* **Description of the task**: Nothing but the lines from the top of the following entries through the line with "- v') \<bullet>" should be printed, exactly as they are.
---------- Dataset ----------
theorem Minty_theorem:
  fixes A :: "'a::euclidean_space \<Rightarrow> 'a set"
  assumes A: "maximal_monotone A" and l: "0 < l"
  shows "\<exists>p. \<exists>u\<in>A p. p + l *\<^sub>R u = z"
proof -
  define G where "G = {(y, v). v \<in> A y}"
  have "((z - l *\<^sub>R v) - (z - l *\<^sub>R v')) \<bullet> (y - y') \<le> 0"
    if "(y, v) \<in> G" "(y', v') \<in> G" for y v y' v'
  proof -
    have "0 \<le> l * ((v - v') \<bullet> (y - y'))"
      using monotone_opD[OF maximal_monotone_imp_monotone[OF A]] that l by (simp add: G_def)
    then show ?thesis
      by (simp add: algebra_simps flip: scaleR_diff_right)
  qed
  then obtain p where p: "\<forall>(y, v)\<in>G. (p - (z - l *\<^sub>R v)) \<bullet> (p - y) \<le> 0"
    using antimonotone_common_point[of G "\<lambda>(y, v). z - l *\<^sub>R v" fst] by fastforce
  have "(1 / l) *\<^sub>R (z - p) \<in> A p"
  proof (rule maximal_monotone_memI[OF A])
    fix y v assume "v \<in> A y"
    moreover have "(1 / l) *\<^sub>R (z - p) - v = (- 1 / l) *\<^sub>R (p - (z - l *\<^sub>R v))"
      using l by (simp add: algebra_simps)
    ultimately show "0 \<le> ((1 / l) *\<^sub>R (z - p) - v) \<bullet> (p - y)"
      using p l unfolding G_def by (simp add: mult_le_0_iff divide_le_0_iff)
  qed
  moreover have "p + l *\<^sub>R ((1 / l) *\<^sub>R (z - p)) = z"
    using l by simp
  ultimately show ?thesis
    by blast
qed

section \<open>Resolvents\<close>

lemma resolvent_eqI:
  fixes A :: "'a::real_inner \<Rightarrow> 'a set"
  assumes mono_A: "monotone_op A" and l: "0 \<le> l" and u: "u \<in> A p" and z: "p + l *\<^sub>R u = z"
  shows "resolvent l A z = p"
  unfolding resolvent_def
proof (rule the_equality)
  show "\<exists>u\<in>A p. p + l *\<^sub>R u = z"
    using u z by blast
next
  fix q assume "\<exists>v\<in>A q. q + l *\<^sub>R v = z"
  then obtain v where v: "v \<in> A q" "q + l *\<^sub>R v = z" by blast
  have "p - q = l *\<^sub>R (v - u)"
    using z v(2) by (simp add: algebra_simps)
  then have "(p - q) \<bullet> (p - q) = (l *\<^sub>R (v - u)) \<bullet> (p - q)"
    by (rule arg_cong)
  also have "\<dots> = - (l * ((v - u) \<bullet> (q - p)))"
    by (simp add: inner_diff_right algebra_simps)
  also have "\<dots> \<le> 0"
    using monotone_opD[OF mono_A v(1) u] l by simp
  finally show "q = p"
    by (metis inner_gt_zero_iff not_le right_minus_eq)
qed

lemma resolvent_mem:
  fixes A :: "'a::euclidean_space \<Rightarrow> 'a set"
  assumes A: "maximal_monotone A" and l: "0 < l"
  shows "(1 / l) *\<^sub>R (z - resolvent l A z) \<in> A (resolvent l A z)"
proof -
  obtain p u where u: "u \<in> A p" "p + l *\<^sub>R u = z"
    using Minty_theorem[OF A l] by blast
  then have "resolvent l A z = p"
    using maximal_monotone_imp_monotone[OF A] l by (intro resolvent_eqI) auto
  moreover have "u = (1 / l) *\<^sub>R (z - p)"
    using u(2) l by (auto simp: algebra_simps)
  ultimately show ?thesis
    using u(1) by simp
qed

lemma resolvent_nonexpansive:
  fixes A :: "'a::euclidean_space \<Rightarrow> 'a set"
  assumes A: "maximal_monotone A" and l: "0 < l"
  shows "norm (resolvent l A z - resolvent l A z') \<le> norm (z - z')"
proof -
  define d where "d = resolvent l A z - resolvent l A z'"
  define e where "e = (1 / l) *\<^sub>R (z - resolvent l A z) - (1 / l) *\<^sub>R (z' - resolvent l A z')"
  have "0 \<le> e \<bullet> d"
    unfolding d_def e_def
    by (intro monotone_opD[OF maximal_monotone_imp_monotone[OF A]] resolvent_mem[OF A l])
  have "z - z' = d + l *\<^sub>R e"
    using l by (simp add: d_def e_def algebra_simps)
  then have "(norm (z - z'))\<^sup>2 = (norm d)\<^sup>2 + 2 * l * (e \<bullet> d) + (l * norm e)\<^sup>2"
    by (simp only: power2_norm_eq_inner power_mult_distrib inner_add_left inner_add_right
        inner_scaleR_left inner_scaleR_right inner_commute[of d e])
      (simp add: power2_eq_square algebra_simps)
  also have "\<dots> \<ge> (norm d)\<^sup>2"
    using \<open>0 \<le> e \<bullet> d\<close> l by simp
  finally show ?thesis
    unfolding d_def by (rule power2_le_imp_le) simp
qed

lemma resolvent_fixed_point:
  assumes "monotone_op A" "0 \<le> l" "- B z \<in> A z"
  shows "resolvent l A (z - l *\<^sub>R B z) = z"
  using assms by (intro resolvent_eqI[where u = "- B z"]) auto

section \<open>The forward-reflected-backward iteration\<close>

lemma zeros_sum_iff: "z \<in> zeros_sum A B \<longleftrightarrow> - B z \<in> A z"
  by (auto simp: zeros_sum_def add_eq_0_iff2)

text \<open>\<open>x_prev k\<close> and \<open>lam_prev k\<close> stand for \<open>x\<^sub>k\<^sub>-\<^sub>1\<close> and \<open>\<lambda>\<^sub>k\<^sub>-\<^sub>1\<close>: only their values at 0,
  the initial data \<open>x\<^sub>-\<^sub>1\<close> and \<open>\<lambda>\<^sub>-\<^sub>1\<close>, are free.\<close>

locale forward_reflected_backward =
  fixes A :: "'a::euclidean_space \<Rightarrow> 'a set" and B :: "'a \<Rightarrow> 'a" and \<delta> :: real
    and x x_prev :: "nat \<Rightarrow> 'a" and lam lam_prev :: "nat \<Rightarrow> real"
  assumes maximal_monotone_A: "maximal_monotone A"
    and monotone_B: "monotone_fun B"
    and delta: "0 < \<delta>" "\<delta> < 1"
    and lam_pos: "\<And>k. 0 < lam k"
    and lam_prev_Suc: "\<And>k. lam_prev (Suc k) = lam k"
    and x_prev_Suc: "\<And>k. x_prev (Suc k) = x k"
    and iterate: "\<And>k. x (Suc k) = resolvent (lam k) A
      (x k - lam k *\<^sub>R B (x k) - lam_prev k *\<^sub>R (B (x k) - B (x_prev k)))"
    and accepted: "\<And>k. lam k * norm (B (x (Suc k)) - B (x k)) \<le> \<delta> / 2 * norm (x (Suc k) - x k)"
begin

definition trial_point :: "nat \<Rightarrow> real \<Rightarrow> 'a" where
  "trial_point k l = resolvent l A (x k - l *\<^sub>R B (x k) - lam_prev k *\<^sub>R (B (x k) - B (x_prev k)))"

definition acceptable :: "nat \<Rightarrow> real \<Rightarrow> bool" where
  "acceptable k l \<longleftrightarrow> l * norm (B (trial_point k l) - B (x k)) \<le> \<delta> / 2 * norm (trial_point k l - x k)"

definition A_selection :: "nat \<Rightarrow> 'a" where
  "A_selection k = (1 / lam k) *\<^sub>R
     (x k - lam k *\<^sub>R B (x k) - lam_prev k *\<^sub>R (B (x k) - B (x_prev k)) - x (Suc k))"
(* Let $0\le a<b<1$ and $\lambda\ge 0$. Then $m(\lambda,a,b)\le\lambda+m(a,b)$, with equality if and only if $\lambda=0$.
   Context: $\zeta(t)=\frac{2}{1-t^2}$ and $\phi(t)=2\tanh^{-1}t$ on $[0,1)$. For a bounded function $\varrho\ge0$ on $[a,b]$ with $\varrho/\zeta$ non-decreasing, let $h$ be a primitive of $\varrho$, $\psi=e^h$, $\mathtt f(x)=x\zeta(x)^2\psi(x)$, $\mathtt g(x)=x\zeta(x)\psi(x)$, and $m(\varrho/\zeta,a,b):=\frac{\mathtt g(b)-\mathtt g(a)}{\int_a^b\mathtt f\,dt}$ (independent of the choice of primitive). $m(\lambda,a,b)$ denotes this quantity when $\varrho/\zeta\equiv\lambda$, i.e. $\varrho=\lambda\zeta$ (equivalently $\psi=e^{\lambda\phi}$ up to a constant factor), and $m(a,b):=m(0,a,b)=\frac{1+ab}{a+b}$. *)

theory Defs
  imports "HOL-Analysis.Analysis"
begin

definition zeta :: "real \<Rightarrow> real" where
  "zeta t = 2 / (1 - t^2)"

definition phi :: "real \<Rightarrow> real" where
  "phi t = 2 * artanh t"

text \<open>The case rho = lambda * zeta: a primitive of rho is lambda * phi, so psi = exp (lambda * phi).\<close>
definition psi_lam :: "real \<Rightarrow> real \<Rightarrow> real" where
  "psi_lam lam x = exp (lam * phi x)"

definition f_lam :: "real \<Rightarrow> real \<Rightarrow> real" where
  "f_lam lam x = x * (zeta x)^2 * psi_lam lam x"

definition g_lam :: "real \<Rightarrow> real \<Rightarrow> real" where
  "g_lam lam x = x * zeta x * psi_lam lam x"

definition m_lam :: "real \<Rightarrow> real \<Rightarrow> real \<Rightarrow> real" where
  "m_lam lam a b = (g_lam lam b - g_lam lam a) / integral {a..b} (f_lam lam)"

definition m0 :: "real \<Rightarrow> real \<Rightarrow> real" where
  "m0 a b = m_lam 0 a b"

end

theory Submission
  imports Defs
begin

text \<open>
  Put \<open>m = (1 + a b) / (a + b)\<close>. The quadratic \<open>(1 + x\<^sup>2) / 2 - m x\<close> has a
  root \<open>c \<in> [0, b)\<close> and on \<open>(-\<infinity>, 1)\<close> it is negative exactly to the right of \<open>c\<close>.
  Subtract \<open>\<psi>(c) (x - m) \<zeta>(x)\<close> from \<open>g(x) - (\<lambda> + m) \<integral>\<^sub>a\<^sup>x f\<close>: the correction takes
  the same value \<open>-2 \<psi>(c) / (a + b)\<close> at \<open>a\<close> and at \<open>b\<close>, and the derivative of the
  difference factors as \<open>(\<psi>(x) - \<psi>(c)) \<zeta>(x)\<^sup>2 ((1 + x\<^sup>2) / 2 - m x)\<close>, whose
  first and last factors have opposite signs, as both change sign at \<open>c\<close>. So the difference
  decreases, strictly when \<open>\<lambda> > 0\<close> (\<open>\<psi>\<close> is then strictly increasing) and not at all when
  \<open>\<lambda> = 0\<close>; the latter identifies \<open>m(0, a, b)\<close> with \<open>m\<close>.
\<close>

lemma zeta_pos: "\<bar>x\<bar> < 1 \<Longrightarrow> 0 < zeta x"
  by (simp add: zeta_def abs_square_less_1)

lemma zeta_has_real_derivative:
  assumes "\<bar>x\<bar> < 1"
  shows "(zeta has_real_derivative x * (zeta x)^2) (at x)"
proof -
  have ne: "1 - x^2 \<noteq> 0"
    using assms by (auto simp: power2_eq_1_iff)
  have "((\<lambda>x. 2 / (1 - x^2)) has_real_derivative 4 * x / (1 - x^2)^2) (at x)"
    using ne by (auto intro!: derivative_eq_intros simp: power2_eq_square)
  then show ?thesis
    unfolding zeta_def [abs_def] using ne by (simp add: field_simps power2_eq_square)
qed

lemma psi_lam_has_real_derivative:
  assumes "\<bar>x\<bar> < 1"
  shows "(psi_lam lam has_real_derivative lam * zeta x * psi_lam lam x) (at x)"
proof -
  have "((\<lambda>x. exp (lam * (2 * artanh x))) has_real_derivative
        exp (lam * (2 * artanh x)) * (lam * (2 * (1 / (1 - x^2))))) (at x)"
    using assms by (intro derivative_eq_intros) auto
  then show ?thesis
    unfolding psi_lam_def phi_def zeta_def [abs_def] by (simp add: algebra_simps)
qed

lemma g_lam_has_real_derivative:
  assumes "\<bar>x\<bar> < 1"
  shows "(g_lam lam has_real_derivative
          (zeta x + x^2 * (zeta x)^2) * psi_lam lam x + lam * f_lam lam x) (at x)"
proof -
  have "((\<lambda>x. x * zeta x * psi_lam lam x) has_real_derivative
         (1 * zeta x + x * (zeta x)^2 * x) * psi_lam lam x + lam * zeta x * psi_lam lam x * (x * zeta x)) (at x)"
    by (intro DERIV_mult DERIV_ident zeta_has_real_derivative psi_lam_has_real_derivative assms)
  then show ?thesis
    unfolding g_lam_def [abs_def] f_lam_def by (simp add: algebra_simps power2_eq_square)
qed

lemma continuous_on_zeta: "continuous_on {-1<..<1} zeta"
  unfolding zeta_def by (intro continuous_intros) (auto simp: power2_eq_1_iff)

lemma continuous_on_f_lam: "continuous_on {-1<..<1} (f_lam lam)"
  unfolding f_lam_def [abs_def] psi_lam_def phi_def zeta_def
  by (intro continuous_intros) (auto simp: power2_eq_1_iff)

lemma continuous_on_g_lam: "continuous_on {-1<..<1} (g_lam lam)"
  unfolding g_lam_def [abs_def] psi_lam_def phi_def zeta_def
  by (intro continuous_intros) (auto simp: power2_eq_1_iff)

lemma artanh_less_artanh:
  fixes x y :: real
  assumes "-1 < x" "x < y" "y < 1"
  shows "artanh x < artanh y"
proof -
  have "(1 + x) / (1 - x) < (1 + y) / (1 - y)"
    using assms by (simp add: field_simps)
  moreover have "0 < (1 + x) / (1 - x)"
    using assms by auto
  ultimately show ?thesis
    unfolding artanh_def by simp
qed

lemma psi_lam_less_psi_lam:
  assumes "-1 < x" "x < y" "y < 1" "0 < lam"
  shows "psi_lam lam x < psi_lam lam y"
  using artanh_less_artanh [OF assms(1-3)] assms(4) by (simp add: psi_lam_def phi_def)

lemma psi_lam_le_psi_lam:
  assumes "-1 < x" "x \<le> y" "y < 1" "0 \<le> lam"
  shows "psi_lam lam x \<le> psi_lam lam y"
  using assms psi_lam_less_psi_lam [of x y lam] by (cases "x = y \<or> lam = 0") (auto simp: psi_lam_def)
text \<open>Let \<open>level \<delta> x\<close> be the integer \<open>n\<close> with \<open>\<delta>^(n+1) \<le> x < \<delta>^n\<close>.  The hypothesis says that
  each block of consecutive \<open>\<tau>\<close>-levels \<open>k..m\<close> (with \<open>k \<ge> N\<close>) is no larger than the block
  \<open>k-1..m+1\<close> of \<open>\<sigma>\<close>-levels, and vice versa.  Treating the levels of \<open>T\<close> from the bottom up and
  matching each one greedily into the lowest free \<open>\<sigma>\<close>-slots of levels \<open>j-1\<close>, \<open>j\<close>, \<open>j+1\<close> yields an
  injection that moves levels by at most one; infinite levels are absorbed by cardinal arithmetic.
  Two such injections, one in each direction, are merged by Banach's decomposition into a
  bijection between sets that contain every element of level \<open>\<ge> N\<close>, and it changes values by a
  factor of at most \<open>\<delta>^(-2)\<close>.  All remaining elements have values in \<open>[\<delta>^N, M]\<close>, so they can be
  paired arbitrarily, padding the smaller side with dummies of value 1.  If the hypothesis holds on
  all levels, the starting level can be taken below every element and nothing is left over.\<close>

unbundle cardinal_syntax

section \<open>Cardinal arithmetic\<close>

lemma lepoll_finite: "A \<lesssim> B \<Longrightarrow> finite B \<Longrightarrow> finite A"
  unfolding lepoll_def using inj_on_finite by blast

lemma lepoll_total: "A \<lesssim> B \<or> B \<lesssim> A"
  using ordLeq_total[OF card_of_Well_order card_of_Well_order, of A B]
  by (simp add: lepoll_def card_of_ordLeq[symmetric])

lemma Un_lepoll_infinite:
  assumes "infinite Y" "X \<lesssim> Y"
  shows "X \<union> Y \<lesssim> Y"
proof -
  have "|X| \<le>o |Y|" using assms(2) by (simp add: lepoll_def card_of_ordLeq[symmetric])
  then have "|X <+> Y| =o |Y|" using card_of_Plus_infinite2[OF assms(1)] by blast
  then have "|X \<union> Y| \<le>o |Y|" using card_of_Un_Plus_ordLeq ordLeq_ordIso_trans by blast
  then show ?thesis by (simp add: lepoll_def card_of_ordLeq[symmetric])
qed

lemma infinite_lepoll_UnD:
  assumes "infinite A" "A \<lesssim> X \<union> Y"
  shows "A \<lesssim> X \<or> A \<lesssim> Y"
proof -
  have "A \<lesssim> Y" if "X \<lesssim> Y" "A \<lesssim> X \<union> Y" for X Y :: "'b set"
  proof -
    have "infinite Y" using that assms(1) lepoll_finite finite_UnI by metis
    then show ?thesis using that Un_lepoll_infinite lepoll_trans by blast
  qed
  then show ?thesis using lepoll_total assms(2) by (metis sup_commute)
qed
----------
* **Task response**:
theorem Minty_theorem:
  fixes A :: "'a::euclidean_space \<Rightarrow> 'a set"
  assumes A: "maximal_monotone A" and l: "0 < l"
  shows "\<exists>p. \<exists>u\<in>A p. p + l *\<^sub>R u = z"
proof -
  define G where "G = {(y, v). v \<in> A y}"
  have "((z - l *\<^sub>R v) - (z - l *\<^sub>R v')) \<bullet> (y - y') \<le> 0"
    if "(y, v) \<in> G" "(y', v') \<in> G" for y v y' v'
  proof -
    have "0 \<le> l * ((v - v') \<bullet> (y - y'))"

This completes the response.